_Assignment:_
What is needed here is an exact repetition of the records below, beginning at the line that has "fix \<FF>1 \<GG>1 \<FF>2 \<GG>2" and stopping after the line that has "pr \<FF>1 \<inter>".

:: Provided data ::

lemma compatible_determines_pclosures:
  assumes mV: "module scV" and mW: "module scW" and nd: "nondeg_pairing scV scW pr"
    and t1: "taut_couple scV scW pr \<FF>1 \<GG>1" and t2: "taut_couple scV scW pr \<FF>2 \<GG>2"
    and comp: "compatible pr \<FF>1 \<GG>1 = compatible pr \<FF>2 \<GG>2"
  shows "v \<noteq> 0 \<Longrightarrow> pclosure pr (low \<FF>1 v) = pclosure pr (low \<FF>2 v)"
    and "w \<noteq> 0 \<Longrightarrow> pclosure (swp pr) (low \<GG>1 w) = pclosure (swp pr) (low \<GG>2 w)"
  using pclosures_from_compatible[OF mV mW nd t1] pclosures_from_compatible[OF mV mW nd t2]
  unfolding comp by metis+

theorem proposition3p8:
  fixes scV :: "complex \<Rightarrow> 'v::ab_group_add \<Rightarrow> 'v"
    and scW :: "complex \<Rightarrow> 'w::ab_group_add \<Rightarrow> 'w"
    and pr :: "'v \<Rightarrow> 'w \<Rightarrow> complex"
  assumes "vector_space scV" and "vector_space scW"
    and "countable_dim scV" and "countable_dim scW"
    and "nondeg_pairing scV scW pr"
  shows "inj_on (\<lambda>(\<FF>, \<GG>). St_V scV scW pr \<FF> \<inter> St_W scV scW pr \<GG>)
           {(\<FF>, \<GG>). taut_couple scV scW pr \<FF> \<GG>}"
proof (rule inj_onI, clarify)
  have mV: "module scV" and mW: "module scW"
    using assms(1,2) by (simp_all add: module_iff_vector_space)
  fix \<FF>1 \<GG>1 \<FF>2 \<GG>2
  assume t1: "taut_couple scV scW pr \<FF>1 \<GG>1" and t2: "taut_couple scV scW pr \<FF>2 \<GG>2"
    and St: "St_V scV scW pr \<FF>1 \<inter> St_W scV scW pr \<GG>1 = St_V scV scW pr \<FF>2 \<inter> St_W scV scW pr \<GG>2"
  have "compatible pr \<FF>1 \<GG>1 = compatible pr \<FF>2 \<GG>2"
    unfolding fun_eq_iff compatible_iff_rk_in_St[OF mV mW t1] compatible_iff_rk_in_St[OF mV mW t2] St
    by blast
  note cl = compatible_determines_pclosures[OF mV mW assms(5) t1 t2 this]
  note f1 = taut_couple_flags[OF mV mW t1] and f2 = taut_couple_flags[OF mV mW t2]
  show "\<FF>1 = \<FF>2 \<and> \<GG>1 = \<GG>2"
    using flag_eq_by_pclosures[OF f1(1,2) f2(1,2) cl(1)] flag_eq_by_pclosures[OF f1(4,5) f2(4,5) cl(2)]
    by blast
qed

:::
:: Provided data ::

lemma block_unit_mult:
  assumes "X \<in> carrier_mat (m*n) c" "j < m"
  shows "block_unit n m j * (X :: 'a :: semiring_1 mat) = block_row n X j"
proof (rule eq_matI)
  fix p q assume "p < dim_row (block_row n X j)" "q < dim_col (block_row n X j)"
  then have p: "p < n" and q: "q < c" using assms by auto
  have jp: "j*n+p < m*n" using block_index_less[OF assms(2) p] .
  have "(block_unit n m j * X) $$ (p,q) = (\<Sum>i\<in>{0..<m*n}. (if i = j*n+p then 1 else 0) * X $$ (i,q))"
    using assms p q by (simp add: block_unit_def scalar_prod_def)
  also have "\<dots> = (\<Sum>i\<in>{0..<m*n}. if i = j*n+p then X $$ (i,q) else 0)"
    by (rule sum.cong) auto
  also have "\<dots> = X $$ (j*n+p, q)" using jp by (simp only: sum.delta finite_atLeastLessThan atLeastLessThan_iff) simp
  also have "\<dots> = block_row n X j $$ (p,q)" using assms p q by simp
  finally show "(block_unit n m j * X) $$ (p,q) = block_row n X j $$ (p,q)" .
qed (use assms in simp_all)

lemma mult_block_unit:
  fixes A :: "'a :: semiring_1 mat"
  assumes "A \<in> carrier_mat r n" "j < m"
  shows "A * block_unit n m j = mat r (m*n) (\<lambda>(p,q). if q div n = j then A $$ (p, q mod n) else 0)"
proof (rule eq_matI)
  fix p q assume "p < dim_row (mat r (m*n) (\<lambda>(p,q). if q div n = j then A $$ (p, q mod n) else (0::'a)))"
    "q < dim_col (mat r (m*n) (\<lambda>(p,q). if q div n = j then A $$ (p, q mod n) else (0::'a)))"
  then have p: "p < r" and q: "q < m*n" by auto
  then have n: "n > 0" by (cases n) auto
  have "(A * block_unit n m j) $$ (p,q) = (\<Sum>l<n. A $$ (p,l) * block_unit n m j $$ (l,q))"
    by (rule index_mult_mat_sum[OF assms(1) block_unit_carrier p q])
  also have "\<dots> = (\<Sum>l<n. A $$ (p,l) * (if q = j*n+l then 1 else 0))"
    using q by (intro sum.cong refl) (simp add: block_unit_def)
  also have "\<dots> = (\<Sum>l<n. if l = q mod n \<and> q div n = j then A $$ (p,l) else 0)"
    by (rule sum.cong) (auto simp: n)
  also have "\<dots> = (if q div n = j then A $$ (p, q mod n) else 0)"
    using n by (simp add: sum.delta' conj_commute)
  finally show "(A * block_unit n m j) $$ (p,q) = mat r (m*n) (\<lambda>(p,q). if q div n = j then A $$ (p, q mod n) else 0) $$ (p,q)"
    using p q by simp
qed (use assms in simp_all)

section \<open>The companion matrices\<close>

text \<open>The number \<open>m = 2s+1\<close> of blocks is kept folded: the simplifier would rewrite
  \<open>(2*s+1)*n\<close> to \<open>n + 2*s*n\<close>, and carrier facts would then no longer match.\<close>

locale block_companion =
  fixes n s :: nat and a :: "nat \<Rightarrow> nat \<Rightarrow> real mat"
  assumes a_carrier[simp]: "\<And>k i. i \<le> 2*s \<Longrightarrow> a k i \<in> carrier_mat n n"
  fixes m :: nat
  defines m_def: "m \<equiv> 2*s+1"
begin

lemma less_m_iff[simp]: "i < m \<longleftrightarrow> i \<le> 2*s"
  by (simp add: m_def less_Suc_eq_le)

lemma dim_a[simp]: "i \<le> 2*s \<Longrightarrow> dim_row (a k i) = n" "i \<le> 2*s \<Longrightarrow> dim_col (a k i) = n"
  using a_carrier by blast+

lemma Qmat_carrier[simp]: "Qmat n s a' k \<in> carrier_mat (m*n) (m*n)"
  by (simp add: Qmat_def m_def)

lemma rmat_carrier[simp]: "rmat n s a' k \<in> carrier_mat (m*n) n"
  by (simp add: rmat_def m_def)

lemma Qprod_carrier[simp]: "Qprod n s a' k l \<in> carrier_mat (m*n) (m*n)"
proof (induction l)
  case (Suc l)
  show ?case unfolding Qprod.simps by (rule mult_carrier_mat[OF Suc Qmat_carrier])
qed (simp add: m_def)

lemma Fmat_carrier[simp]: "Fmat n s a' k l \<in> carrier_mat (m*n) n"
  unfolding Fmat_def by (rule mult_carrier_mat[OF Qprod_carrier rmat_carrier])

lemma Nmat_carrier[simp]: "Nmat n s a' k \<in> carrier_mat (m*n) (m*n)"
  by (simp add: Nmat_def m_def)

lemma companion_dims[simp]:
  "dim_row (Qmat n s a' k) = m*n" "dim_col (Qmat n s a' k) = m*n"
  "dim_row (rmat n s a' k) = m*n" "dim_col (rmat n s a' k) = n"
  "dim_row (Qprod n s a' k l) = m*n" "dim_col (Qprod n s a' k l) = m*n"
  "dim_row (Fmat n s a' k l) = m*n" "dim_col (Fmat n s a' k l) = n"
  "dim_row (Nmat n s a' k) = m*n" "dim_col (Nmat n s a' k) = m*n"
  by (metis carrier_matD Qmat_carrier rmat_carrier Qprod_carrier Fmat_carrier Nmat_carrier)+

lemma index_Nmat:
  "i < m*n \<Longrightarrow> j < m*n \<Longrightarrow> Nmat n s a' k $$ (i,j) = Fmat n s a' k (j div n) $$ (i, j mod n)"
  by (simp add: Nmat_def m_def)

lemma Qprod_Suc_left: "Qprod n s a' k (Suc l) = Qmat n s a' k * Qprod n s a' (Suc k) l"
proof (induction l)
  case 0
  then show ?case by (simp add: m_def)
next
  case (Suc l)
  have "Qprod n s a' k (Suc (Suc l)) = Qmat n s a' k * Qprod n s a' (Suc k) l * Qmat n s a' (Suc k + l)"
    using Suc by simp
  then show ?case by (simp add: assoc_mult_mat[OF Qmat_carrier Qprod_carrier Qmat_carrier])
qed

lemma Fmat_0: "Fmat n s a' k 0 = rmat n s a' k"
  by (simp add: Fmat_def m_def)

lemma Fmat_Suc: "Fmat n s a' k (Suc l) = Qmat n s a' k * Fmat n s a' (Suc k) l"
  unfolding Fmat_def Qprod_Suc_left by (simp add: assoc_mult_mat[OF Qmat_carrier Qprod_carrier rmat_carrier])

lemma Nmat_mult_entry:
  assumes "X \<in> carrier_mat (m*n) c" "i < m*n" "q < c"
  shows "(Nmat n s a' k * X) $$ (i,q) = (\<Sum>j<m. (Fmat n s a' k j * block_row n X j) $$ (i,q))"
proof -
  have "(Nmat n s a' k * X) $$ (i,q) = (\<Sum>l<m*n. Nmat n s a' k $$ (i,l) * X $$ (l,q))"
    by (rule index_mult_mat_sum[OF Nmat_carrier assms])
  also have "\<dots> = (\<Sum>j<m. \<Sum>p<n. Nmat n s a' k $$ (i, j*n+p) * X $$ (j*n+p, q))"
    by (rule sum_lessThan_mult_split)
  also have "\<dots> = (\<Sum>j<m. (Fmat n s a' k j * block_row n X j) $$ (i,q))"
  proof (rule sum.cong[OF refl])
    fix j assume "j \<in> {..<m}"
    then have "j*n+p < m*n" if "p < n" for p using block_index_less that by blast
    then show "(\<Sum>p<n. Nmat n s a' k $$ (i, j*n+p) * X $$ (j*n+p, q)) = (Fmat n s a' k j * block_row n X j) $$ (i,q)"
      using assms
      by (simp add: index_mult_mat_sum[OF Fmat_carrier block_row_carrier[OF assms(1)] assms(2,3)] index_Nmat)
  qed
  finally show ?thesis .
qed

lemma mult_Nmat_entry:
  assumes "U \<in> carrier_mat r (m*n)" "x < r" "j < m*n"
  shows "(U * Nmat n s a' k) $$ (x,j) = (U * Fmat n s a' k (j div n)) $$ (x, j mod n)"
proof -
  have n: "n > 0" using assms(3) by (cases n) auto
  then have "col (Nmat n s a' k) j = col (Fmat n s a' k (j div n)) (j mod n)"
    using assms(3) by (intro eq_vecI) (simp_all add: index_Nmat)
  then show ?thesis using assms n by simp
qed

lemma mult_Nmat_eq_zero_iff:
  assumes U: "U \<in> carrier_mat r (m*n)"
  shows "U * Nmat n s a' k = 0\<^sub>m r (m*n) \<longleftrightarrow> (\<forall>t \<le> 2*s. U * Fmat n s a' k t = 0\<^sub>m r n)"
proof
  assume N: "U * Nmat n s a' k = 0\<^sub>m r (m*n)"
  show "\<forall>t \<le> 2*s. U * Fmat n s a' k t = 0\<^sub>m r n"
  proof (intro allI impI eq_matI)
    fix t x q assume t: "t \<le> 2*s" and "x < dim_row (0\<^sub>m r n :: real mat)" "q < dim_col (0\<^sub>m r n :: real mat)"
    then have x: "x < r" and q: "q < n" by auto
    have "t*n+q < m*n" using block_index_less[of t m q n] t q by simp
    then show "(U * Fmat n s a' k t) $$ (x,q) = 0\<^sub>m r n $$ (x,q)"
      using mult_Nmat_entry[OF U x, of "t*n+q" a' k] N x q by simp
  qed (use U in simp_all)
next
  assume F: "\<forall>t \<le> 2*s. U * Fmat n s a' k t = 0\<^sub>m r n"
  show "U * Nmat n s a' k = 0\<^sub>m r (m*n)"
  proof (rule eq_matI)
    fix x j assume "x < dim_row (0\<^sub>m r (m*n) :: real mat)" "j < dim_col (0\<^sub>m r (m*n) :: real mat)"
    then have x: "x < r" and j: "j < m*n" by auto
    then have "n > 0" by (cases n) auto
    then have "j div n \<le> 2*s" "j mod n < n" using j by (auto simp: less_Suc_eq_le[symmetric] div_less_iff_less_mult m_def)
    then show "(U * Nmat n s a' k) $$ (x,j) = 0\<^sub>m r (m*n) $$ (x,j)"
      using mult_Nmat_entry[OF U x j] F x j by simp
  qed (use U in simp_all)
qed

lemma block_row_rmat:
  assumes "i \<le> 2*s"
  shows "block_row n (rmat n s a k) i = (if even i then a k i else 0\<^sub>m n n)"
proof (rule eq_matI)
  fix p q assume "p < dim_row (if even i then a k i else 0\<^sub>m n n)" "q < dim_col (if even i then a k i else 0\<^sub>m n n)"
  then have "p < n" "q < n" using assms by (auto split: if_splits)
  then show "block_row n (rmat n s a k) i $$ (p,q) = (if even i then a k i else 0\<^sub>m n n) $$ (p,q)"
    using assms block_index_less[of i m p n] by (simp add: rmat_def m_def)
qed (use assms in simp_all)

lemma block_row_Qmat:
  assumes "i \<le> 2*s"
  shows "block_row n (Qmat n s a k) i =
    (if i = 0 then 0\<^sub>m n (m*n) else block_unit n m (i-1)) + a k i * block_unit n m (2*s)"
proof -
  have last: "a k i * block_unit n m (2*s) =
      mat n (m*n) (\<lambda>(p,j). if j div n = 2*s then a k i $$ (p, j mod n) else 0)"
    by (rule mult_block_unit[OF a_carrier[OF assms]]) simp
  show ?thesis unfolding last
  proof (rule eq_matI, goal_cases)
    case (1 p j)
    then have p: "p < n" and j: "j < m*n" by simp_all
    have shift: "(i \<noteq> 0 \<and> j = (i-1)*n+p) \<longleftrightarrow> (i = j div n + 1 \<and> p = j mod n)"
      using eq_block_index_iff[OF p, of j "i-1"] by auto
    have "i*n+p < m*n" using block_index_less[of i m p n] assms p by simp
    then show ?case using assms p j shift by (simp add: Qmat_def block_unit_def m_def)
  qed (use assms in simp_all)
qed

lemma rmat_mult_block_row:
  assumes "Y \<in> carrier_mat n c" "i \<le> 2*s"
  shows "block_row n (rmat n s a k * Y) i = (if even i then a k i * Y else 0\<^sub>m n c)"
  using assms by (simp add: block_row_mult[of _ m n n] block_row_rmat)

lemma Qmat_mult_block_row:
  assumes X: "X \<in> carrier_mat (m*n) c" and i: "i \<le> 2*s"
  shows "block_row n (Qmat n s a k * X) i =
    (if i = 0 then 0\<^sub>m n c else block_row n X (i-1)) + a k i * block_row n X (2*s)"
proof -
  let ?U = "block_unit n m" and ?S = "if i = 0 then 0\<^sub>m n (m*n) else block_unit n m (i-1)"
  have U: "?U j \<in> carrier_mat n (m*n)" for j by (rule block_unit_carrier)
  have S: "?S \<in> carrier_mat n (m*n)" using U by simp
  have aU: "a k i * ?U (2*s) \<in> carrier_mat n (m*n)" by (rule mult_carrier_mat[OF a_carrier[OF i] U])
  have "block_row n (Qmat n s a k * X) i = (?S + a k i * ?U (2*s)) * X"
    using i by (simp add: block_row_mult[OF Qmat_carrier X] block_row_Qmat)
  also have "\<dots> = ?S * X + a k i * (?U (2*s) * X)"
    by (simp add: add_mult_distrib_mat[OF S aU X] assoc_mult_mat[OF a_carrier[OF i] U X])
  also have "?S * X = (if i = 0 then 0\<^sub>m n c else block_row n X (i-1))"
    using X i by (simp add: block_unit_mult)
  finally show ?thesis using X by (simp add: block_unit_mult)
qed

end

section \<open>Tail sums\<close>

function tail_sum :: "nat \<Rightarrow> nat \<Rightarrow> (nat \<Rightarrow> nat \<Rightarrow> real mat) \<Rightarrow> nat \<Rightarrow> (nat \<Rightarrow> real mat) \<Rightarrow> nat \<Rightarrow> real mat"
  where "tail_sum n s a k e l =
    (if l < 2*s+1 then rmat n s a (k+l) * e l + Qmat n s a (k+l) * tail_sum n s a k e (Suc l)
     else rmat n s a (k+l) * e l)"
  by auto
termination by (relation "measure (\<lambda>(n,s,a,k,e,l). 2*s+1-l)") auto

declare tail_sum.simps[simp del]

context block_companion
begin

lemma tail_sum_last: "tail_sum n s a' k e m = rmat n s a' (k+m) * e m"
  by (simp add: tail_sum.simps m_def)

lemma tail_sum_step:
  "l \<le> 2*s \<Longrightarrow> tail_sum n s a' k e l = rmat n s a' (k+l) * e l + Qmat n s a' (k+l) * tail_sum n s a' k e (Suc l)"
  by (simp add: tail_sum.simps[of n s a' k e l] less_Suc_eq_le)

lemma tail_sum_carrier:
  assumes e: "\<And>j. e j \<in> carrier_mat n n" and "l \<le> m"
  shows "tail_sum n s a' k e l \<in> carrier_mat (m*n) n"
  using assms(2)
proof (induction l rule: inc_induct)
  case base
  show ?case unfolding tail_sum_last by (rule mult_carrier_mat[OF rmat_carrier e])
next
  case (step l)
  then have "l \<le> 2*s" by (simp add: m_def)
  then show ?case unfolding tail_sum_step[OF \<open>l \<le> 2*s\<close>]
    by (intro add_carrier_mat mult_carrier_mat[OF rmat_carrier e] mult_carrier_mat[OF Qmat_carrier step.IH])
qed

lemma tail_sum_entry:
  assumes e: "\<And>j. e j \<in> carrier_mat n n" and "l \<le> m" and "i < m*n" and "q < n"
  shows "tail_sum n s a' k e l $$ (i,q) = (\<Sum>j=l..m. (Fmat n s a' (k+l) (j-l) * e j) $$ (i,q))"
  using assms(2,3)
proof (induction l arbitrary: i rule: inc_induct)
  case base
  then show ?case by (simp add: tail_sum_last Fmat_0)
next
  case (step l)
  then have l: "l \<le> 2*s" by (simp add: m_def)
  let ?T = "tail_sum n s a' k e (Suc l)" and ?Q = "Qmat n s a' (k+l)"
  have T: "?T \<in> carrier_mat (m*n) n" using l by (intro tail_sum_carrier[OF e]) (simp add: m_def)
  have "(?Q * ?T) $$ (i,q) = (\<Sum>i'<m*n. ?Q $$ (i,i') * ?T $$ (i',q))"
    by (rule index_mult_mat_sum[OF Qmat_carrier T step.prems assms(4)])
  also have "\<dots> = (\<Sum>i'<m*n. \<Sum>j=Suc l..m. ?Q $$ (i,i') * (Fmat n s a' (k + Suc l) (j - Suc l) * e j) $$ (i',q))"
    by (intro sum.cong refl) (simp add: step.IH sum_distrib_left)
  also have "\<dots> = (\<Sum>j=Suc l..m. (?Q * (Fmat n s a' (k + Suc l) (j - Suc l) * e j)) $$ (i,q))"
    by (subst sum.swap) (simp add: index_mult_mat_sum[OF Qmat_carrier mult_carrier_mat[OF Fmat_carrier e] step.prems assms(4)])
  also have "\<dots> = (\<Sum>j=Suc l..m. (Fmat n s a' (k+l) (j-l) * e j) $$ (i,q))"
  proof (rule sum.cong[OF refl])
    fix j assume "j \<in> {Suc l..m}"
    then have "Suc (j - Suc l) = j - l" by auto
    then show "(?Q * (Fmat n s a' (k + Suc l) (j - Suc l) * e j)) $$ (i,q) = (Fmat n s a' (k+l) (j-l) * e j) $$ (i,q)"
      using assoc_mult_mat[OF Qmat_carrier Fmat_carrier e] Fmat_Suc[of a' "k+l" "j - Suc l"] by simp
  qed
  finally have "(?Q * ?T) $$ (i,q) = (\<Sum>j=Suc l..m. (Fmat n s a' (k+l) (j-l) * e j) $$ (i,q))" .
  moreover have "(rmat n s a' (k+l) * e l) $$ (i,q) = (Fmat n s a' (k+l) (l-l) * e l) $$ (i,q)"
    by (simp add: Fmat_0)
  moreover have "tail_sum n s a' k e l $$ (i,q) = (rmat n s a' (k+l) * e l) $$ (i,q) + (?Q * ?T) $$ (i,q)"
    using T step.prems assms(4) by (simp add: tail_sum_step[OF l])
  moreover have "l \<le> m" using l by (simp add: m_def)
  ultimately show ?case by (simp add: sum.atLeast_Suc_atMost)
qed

:::

_Solution to the problem:_
  fix \<FF>1 \<GG>1 \<FF>2 \<GG>2
  assume t1: "taut_couple scV scW pr \<FF>1 \<GG>1" and t2: "taut_couple scV scW pr \<FF>2 \<GG>2"
    and St: "St_V scV scW pr \<FF>1 \<inter> St_W scV scW pr \<GG>1 = St_V scV scW pr \<FF>2 \<inter> St_W scV scW pr \<GG>2"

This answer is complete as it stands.